Your objective — Give again, word for word, every line below from the one that has "(simp add: z_def[symmetric])" through the one that has "x \<in> measurable", both included, and no others.

Stored items:
(* In the single-node mining process with $\phi(s)=s^a$, the expected total number of hash attempts needed for the node to build a block-chain of length $L\ge1$ is at most $$\frac{D_s}{R^a}\sum_{n=0}^{L-1}\frac{1}{(n+1)^a}.$$
   Context: Fix real parameters $M>0$ (scale of the system), $R>0$ (the stake reward StakRwd), $0<D_c\le D_s$ (coin-issue difficulty constant CoinD and stake-issue difficulty constant StakD), and $0<a<1$. Put $p=D_c/D_s$, $q=1-p$. Single-node mining process with threshold function $\phi$: a node, who makes no stake transactions with anybody, starts with stake $S_0=0$. For $n=0,1,2,\dots$ the $(n+1)$-th block is produced as follows: the node makes successive hash attempts, each producing a hash value uniformly distributed on $[0,M]$, independent of all previous randomness; the block is created at the first attempt whose hash $h$ satisfies $h\le M\phi(R+S_n)/D_c$ (the coin-issue threshold), and then $S_{n+1}=S_n+R$ if moreover $h\le M\phi(R+S_n)/D_s$ (the stake-issue threshold), otherwise $S_{n+1}=S_n$. Assume $0<\phi(R+S)\le D_c$ for all $S\in\{0,R,2R,\dots,(L-1)R\}$. Time is measured as the total number of hash attempts. In this statement $\phi(s)=s^a$ (radical stake system with equal exponent $a$). *)

theory Defs
  imports "HOL-Probability.Probability"
begin

definition hash_space :: "real \<Rightarrow> real stream measure" where
  "hash_space M = stream_space (uniform_measure lborel {0..M})"

text \<open>State (number of blocks produced so far, current stake) after t hash attempts,
  for the single-node mining process with threshold function phi, scale M,
  stake reward R, difficulty constants Dc (coin issue) and Ds (stake issue).\<close>
fun mine_state ::
  "real \<Rightarrow> real \<Rightarrow> real \<Rightarrow> real \<Rightarrow> (real \<Rightarrow> real) \<Rightarrow> real stream \<Rightarrow> nat \<Rightarrow> nat \<times> real" where
  "mine_state M R Dc Ds phi w 0 = (0, 0)"
| "mine_state M R Dc Ds phi w (Suc t) =
     (let st = mine_state M R Dc Ds phi w t; n = fst st; S = snd st; h = w !! t in
      if h \<le> M * phi (R + S) / Dc
      then (Suc n, if h \<le> M * phi (R + S) / Ds then S + R else S)
      else (n, S))"

text \<open>Total number of hash attempts needed to build a chain of length L
  (the number of attempts made while fewer than L blocks exist; infinite if never reached).\<close>
definition mining_time ::
  "real \<Rightarrow> real \<Rightarrow> real \<Rightarrow> real \<Rightarrow> (real \<Rightarrow> real) \<Rightarrow> nat \<Rightarrow> real stream \<Rightarrow> ennreal" where
  "mining_time M R Dc Ds phi L w =
     (\<integral>\<^sup>+ t. (if fst (mine_state M R Dc Ds phi w t) < L then 1 else 0) \<partial>count_space (UNIV :: nat set))"

end

theory Submission
  imports Defs
begin

text \<open>In state (n, j) the node has n blocks, j of which issued a stake, so its stake is jR
  and the next block takes D_c / (R(j+1))^a attempts in expectation. After m further blocks
  the stake count is j + X with X binomial(m, p), p = D_c/D_s, so the remaining expected time
  is (D_c/R^a) \<Sum> E[(j+1+X)^(-a)], and by concavity of t \<mapsto> t^a each term is at most
  E[1/(j+1+X)]^a. These bounds form a potential that decreases in expectation by at least one
  per attempt, so it dominates the expected number of attempts. Starting from j = 0,
  E[1/(1+X)] \<le> 1/(p(m+1)), and (1/p)^a \<le> 1/p turns D_c/(R^a p) into D_s/R^a.\<close>

definition binomial_recip_mean :: "real \<Rightarrow> nat \<Rightarrow> nat \<Rightarrow> real" where
  "binomial_recip_mean p m j =
     (\<Sum>k\<le>m. real (m choose k) * p^k * (1-p)^(m-k) / (real j + real k + 1))"

lemma binomial_recip_mean_0 [simp]: "binomial_recip_mean p 0 j = 1 / (real j + 1)"
  by (simp add: binomial_recip_mean_def)

lemma binomial_recip_mean_nonneg: "0 \<le> p \<Longrightarrow> p \<le> 1 \<Longrightarrow> 0 \<le> binomial_recip_mean p m j"
  unfolding binomial_recip_mean_def by (intro sum_nonneg) auto

lemma binomial_recip_mean_Suc:
  "binomial_recip_mean p (Suc m) j =
     p * binomial_recip_mean p m (Suc j) + (1-p) * binomial_recip_mean p m j"
proof -
  define q where "q = 1 - p"
  define g where "g k = real (m choose k) * p^k * q^(Suc m - k) / (real j + real k + 1)" for k
  define S where "S = (\<Sum>k\<le>m. real (m choose Suc k) * p^Suc k * q^(m-k) / (real j + real k + 2))"
  define S' where "S' = (\<Sum>k\<le>m. real (m choose k) * p^Suc k * q^(m-k) / (real j + real k + 2))"
  have split: "binomial_recip_mean p (Suc m) j = q^(Suc m) / (real j + 1) + S' + S"
  proof -
    have "binomial_recip_mean p (Suc m) j =
        (\<Sum>k\<le>Suc m. real (Suc m choose k) * p^k * q^(Suc m-k) / (real j + real k + 1))"
      by (simp add: binomial_recip_mean_def q_def)
    also have "\<dots> = q^(Suc m) / (real j + 1) +
        (\<Sum>k\<le>m. real (Suc m choose Suc k) * p^Suc k * q^(m-k) / (real j + real k + 2))"
      by (subst sum.atMost_Suc_shift) (simp add: add_ac)
    also have "\<dots> = q^(Suc m) / (real j + 1) + S' + S"
      by (simp add: S_def S'_def sum.distrib[symmetric] add_divide_distrib[symmetric] distrib_right)
    finally show ?thesis .
  qed
  have "S' = p * binomial_recip_mean p m (Suc j)"
    unfolding S'_def binomial_recip_mean_def sum_distrib_left q_def
    by (intro sum.cong refl) (simp add: add_ac mult_ac)
  moreover have "q^(Suc m) / (real j + 1) + S = q * binomial_recip_mean p m j"
  proof -
    have "q^(Suc m) / (real j + 1) + S = (\<Sum>k\<le>Suc m. g k)"
      by (subst sum.atMost_Suc_shift) (simp add: g_def S_def add_ac)
    also have "\<dots> = (\<Sum>k\<le>m. g k)"
      by (simp add: g_def)
    also have "\<dots> = q * binomial_recip_mean p m j"
      unfolding binomial_recip_mean_def sum_distrib_left q_def[symmetric] g_def
      by (intro sum.cong refl) (simp add: Suc_diff_le)
    finally show ?thesis .
  qed
  ultimately show ?thesis using split by (simp add: q_def)
qed

text \<open>Multiplying by (m+1)p and using (m+1) (m choose k) = (k+1) (m+1 choose k+1) turns the sum
  into the binomial expansion of (p + q)^(m+1) without its k = 0 term.\<close>
lemma binomial_recip_mean_le:
  assumes "0 < p" "p \<le> 1"
  shows "binomial_recip_mean p m 0 \<le> 1 / (p * (real m + 1))"
proof -
  define q where "q = 1 - p"
  have "real (Suc m) * p * binomial_recip_mean p m 0 =
      (\<Sum>k\<le>m. real (Suc m choose Suc k) * p^Suc k * q^(m-k))"
    unfolding binomial_recip_mean_def sum_distrib_left q_def[symmetric]
  proof (intro sum.cong refl)
    fix k
    have e: "real (Suc m) * real (m choose k) = real (Suc m choose Suc k) * real (Suc k)"
      using Suc_times_binomial_eq[of m k] by (metis of_nat_mult)
    have "real (Suc m) * p * (real (m choose k) * p ^ k * q ^ (m - k) / (real 0 + real k + 1))
        = (real (Suc m) * real (m choose k)) * p^Suc k * q^(m-k) / real (Suc k)"
      by (simp add: field_simps)
    also have "\<dots> = real (Suc m choose Suc k) * p^Suc k * q^(m-k)"
      by (subst e) (simp add: field_simps del: of_nat_Suc)
    finally show "real (Suc m) * p * (real (m choose k) * p ^ k * q ^ (m - k) / (real 0 + real k + 1))
        = real (Suc m choose Suc k) * p ^ Suc k * q ^ (m - k)" .
  qed
  also have "\<dots> \<le> q^(Suc m) + (\<Sum>k\<le>m. real (Suc m choose Suc k) * p^Suc k * q^(m-k))"
    using assms by (simp add: q_def)
  also have "\<dots> = (\<Sum>k\<le>Suc m. real (Suc m choose k) * p^k * q^(Suc m-k))"
    by (subst sum.atMost_Suc_shift) simp
  also have "\<dots> = (p + q)^Suc m"
    by (rule binomial_ring[symmetric])
  also have "\<dots> = 1" by (simp add: q_def)
  finally have "binomial_recip_mean p m 0 * (p * (real m + 1)) \<le> 1"
    by (simp add: algebra_simps)
  then show ?thesis using assms by (subst pos_le_divide_eq) auto
qed

lemma powr_le_tangent:
  fixes t a :: real
  assumes "0 \<le> t" "0 < a" "a < 1"
  shows "t powr a \<le> a * t + (1 - a)"
proof (cases "t = 0")
  case True then show ?thesis using assms by simp
next
  case False
  then have "t powr a * 1 powr (1-a) \<le> a * t + (1-a) * 1"
    using assms by (intro Youngs_inequality_0) auto
  then show ?thesis by simp
qed

lemma convex_comb_powr_le:
  fixes x y p a :: real
  assumes "0 \<le> x" "0 \<le> y" "0 \<le> p" "p \<le> 1" "0 < a" "a < 1"
  shows "p * x powr a + (1-p) * y powr a \<le> (p*x + (1-p)*y) powr a"
proof (cases "p*x + (1-p)*y = 0")
  case True
  then have "p * x = 0" "(1-p)*y = 0" using assms
    by (smt (verit) mult_nonneg_nonneg)+
  then show ?thesis using assms by auto
next
  case False
  define z where "z = p*x + (1-p)*y"
  have z: "z > 0" using False assms unfolding z_def
    by (smt (verit) mult_nonneg_nonneg)
  have "p * x powr a + (1-p) * y powr a = z powr a * (p * (x/z) powr a + (1-p) * (y/z) powr a)"
    using z assms by (simp add: powr_divide field_simps)
  also have "\<dots> \<le> z powr a * (p * (a * (x/z) + (1-a)) + (1-p) * (a * (y/z) + (1-a)))"
    using assms z by (intro mult_left_mono add_mono powr_le_tangent) auto
  also have "p * (a * (x/z) + (1-a)) + (1-p) * (a * (y/z) + (1-a)) = a * ((p*x + (1-p)*y)/z) + (1-a)"
    using z by (simp add: field_simps)
  also have "\<dots> = 1" using z by (simp add: z_def[symmetric])
  finally show ?thesis by (simp add: z_def)
qed

primrec walk :: "('s \<Rightarrow> 'h \<Rightarrow> 's) \<Rightarrow> 's \<Rightarrow> 'h stream \<Rightarrow> nat \<Rightarrow> 's" where
  "walk g x w 0 = x"
| "walk g x w (Suc t) = g (walk g x w t) (w !! t)"

lemma walk_Cons_Suc: "walk g x (h ## w) (Suc t) = walk g (g x h) w t"
  by (induction t) auto

lemma measurable_walk:
  fixes g :: "'s::countable \<Rightarrow> 'h \<Rightarrow> 's"
  assumes "\<And>x. g x \<in> measurable N (count_space UNIV)"
  shows "(\<lambda>w. walk g x w t) \<in> measurable (stream_space N) (count_space UNIV)"
proof (induction t)
  case 0 then show ?case by simp
next
  case (Suc t)
  have "(\<lambda>w. (\<lambda>y w. g y (w !! t)) (walk g x w t) w) \<in> measurable (stream_space N) (count_space UNIV)"
    by (rule measurable_compose_countable[OF _ Suc])
      (rule measurable_compose[OF measurable_snth assms])
  then show ?case by simp
qed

Result of this task —
  also have "\<dots> = 1" using z by (simp add: z_def[symmetric])
  finally show ?thesis by (simp add: z_def)
qed

primrec walk :: "('s \<Rightarrow> 'h \<Rightarrow> 's) \<Rightarrow> 's \<Rightarrow> 'h stream \<Rightarrow> nat \<Rightarrow> 's" where
  "walk g x w 0 = x"
| "walk g x w (Suc t) = g (walk g x w t) (w !! t)"

lemma walk_Cons_Suc: "walk g x (h ## w) (Suc t) = walk g (g x h) w t"
  by (induction t) auto

lemma measurable_walk:
  fixes g :: "'s::countable \<Rightarrow> 'h \<Rightarrow> 's"
  assumes "\<And>x. g x \<in> measurable N (count_space UNIV)"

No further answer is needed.